Tutto questo è importante, perché mette subito una tonalità alla questione dell’incontro con il Risorto, del mandato che si riceve e del potere che viene dato: la tonalità è l’umiltà. Queste sono persone a cui è concessa per grazia e misericordia una seconda possibilità senza alcun merito: chi, dopo una prova tanto disastrosa, non avrebbe cercato gente migliore, più affidabile? Ma, come avviene in tutta la Bibbia, Dio offre una seconda possibilità, e anche con i discepoli decide di investire ancora su di loro, non certo perché fossero i migliori: il tradimento decisivo era venuto non da quelli di fuori, ma da quelli di dentro, da uno di loro e come loro.
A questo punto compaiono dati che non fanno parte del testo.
(* Let $\theta\in k$ and let $(A,R)$ be a Rota--Baxter algebra of weight $\theta$. For all $b_1,\ldots,b_n\in A$, $$ \sum_{\sigma\in S_n}R\Big(\cdots R\big(R(b_{\sigma(1)})b_{\sigma(2)}\big)\cdots\Big)b_{\sigma(n)}=\sum_{\{P_1,\ldots,P_k\}}b_{P_1}\ast_\theta\cdots\ast_\theta b_{P_k}, $$ where the sum runs over all set partitions $\{P_1,\ldots,P_k\}$ of $\{1,\ldots,n\}$ with blocks indexed so that $\max P_1<\cdots<\max P_k$, and for a block $P_i=\{p_1<\cdots<p_h\}$, $$ b_{P_i}:=\sum_{\sigma\in S_{h-1}}\Big(\cdots\big((b_{p_h}\triangleright_\theta b_{p_{\sigma(h-1)}})\triangleright_\theta b_{p_{\sigma(h-2)}}\big)\cdots\triangleright_\theta b_{p_{\sigma(2)}}\Big)\triangleright_\theta b_{p_{\sigma(1)}} $$ (for $h=1$, $b_{P_i}=b_{p_1}$).
   Context: $k$ is a field of characteristic zero. A Rota--Baxter algebra of weight $\theta$ is a unital associative algebra $A$ with a linear map $R:A\to A$ such that $R(x)R(y)=R(R(x)y+xR(y))+\theta R(xy)$ for all $x,y\in A$. Define $a\triangleright_\theta b:=R(a)b-bR(a)-\theta ba$ and the (associative) double product $a\ast_\theta b:=R(a)b+aR(b)+\theta ab$. *)

theory Defs
  imports Complex_Main "HOL-Library.Disjoint_Sets" "HOL-Combinatorics.Permutations"
begin

definition k_algebra :: "('k::field \<Rightarrow> 'a::ring_1 \<Rightarrow> 'a) \<Rightarrow> bool" where
  "k_algebra scal \<longleftrightarrow> module scal \<and>
     (\<forall>c x y. scal c (x * y) = scal c x * y \<and> scal c (x * y) = x * scal c y)"

definition rota_baxter :: "('k::field \<Rightarrow> 'a::ring_1 \<Rightarrow> 'a) \<Rightarrow> 'k \<Rightarrow> ('a \<Rightarrow> 'a) \<Rightarrow> bool" where
  "rota_baxter scal \<theta> R \<longleftrightarrow> k_algebra scal \<and> Vector_Spaces.linear scal scal R \<and>
     (\<forall>x y. R x * R y = R (R x * y + x * R y) + scal \<theta> (R (x * y)))"

definition rb_tri :: "('k \<Rightarrow> 'a::ring_1 \<Rightarrow> 'a) \<Rightarrow> 'k \<Rightarrow> ('a \<Rightarrow> 'a) \<Rightarrow> 'a \<Rightarrow> 'a \<Rightarrow> 'a" where
  "rb_tri scal \<theta> R a b = R a * b - b * R a - scal \<theta> (b * a)"

definition rb_star :: "('k \<Rightarrow> 'a::ring_1 \<Rightarrow> 'a) \<Rightarrow> 'k \<Rightarrow> ('a \<Rightarrow> 'a) \<Rightarrow> 'a \<Rightarrow> 'a \<Rightarrow> 'a" where
  "rb_star scal \<theta> R a b = R a * b + a * R b + scal \<theta> (a * b)"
Semmai erano una bella selezione di peccatori perdonati.  Ecco, non comprendendo questa partenza, tutto è falsato, perché tu vai dal peccatore con un atteggiamento di degnazione che non ha nulla a che vedere con la missione: quello è un fratello che come te è peccatore e come te deve essere perdonato. Quello è un fratello che ha tanti bisogni come te, che ha o ha avuto o avrà bisogno di cure come te, bisogno di misericordia, come te. Ecco, la prima grande sproporzione che Gesù chiede al missionario, al suo discepolo, l’umiltà di considerarsi per quello che è, inadeguato, ma insieme l’immensa gratitudine di accogliere un dono che è segno di una fiducia straordinaria. Dio crede in noi.
La seconda sproporzione è l’impresa immensa di fare discepoli tutti i popoli. L’estensione è incredibile, coincide con il mondo. «Vedendo le folle, ne sentì compassione, perché erano stanche e sfinite come pecore che non hanno pastore. Allora disse ai suoi discepoli: “La messe è abbondante, ma sono pochi gli operai! Pregate dunque il signore della messe, perché mandi operai nella sua messe!”» (Mt 9,36-38). Il primo atto della missione è la compassione, il secondo non è mettersi a fare delle cose, ma pregare per non essere soli. Questo valeva per Gesù, questo vale anche per noi. Andate - ci dice - ce la potete fare. Pieni di questa compassione e di questa speranza, perché tutti hanno il diritto di conoscere il Regno di Dio. Il Regno di Dio nel vangelo di Gesù mi pare si possa definire “la cura paterna di Dio”, una cura che man mano che si sviluppa la missione di Gesù assume i confini del mondo, perché tutti sono figli di Dio Padre.
Nel vangelo Gesù ci dice: «Io sono con voi tutti i giorni e fino alla fine del mondo» e «Dove due o tre sono riuniti nel mio nome io sono in mezzo a loro» e ancora «Ogni volta che avrete fatto questo a uno di loro l’avrete fatto a me» e dunque la presenza di Gesù è nell’incarnazione, nella comunità dei credenti, nei poveri e bisognosi. Ora tocca ai discepoli andare: la missione è il luogo dell’esperienza della presenza del Risorto. Se andate, battezzando, insegnando… io sarò con voi fino alla fine del mondo. Ma dovete andare… andate dunque e state attenti perché inciamperete su tanti che avranno bisogno, non scansateli magari con la scusa che dovete andare a celebrare un battesimo o una liturgia, come hanno fatto quel sacerdote e quel levita della parabola del buon Samaritano.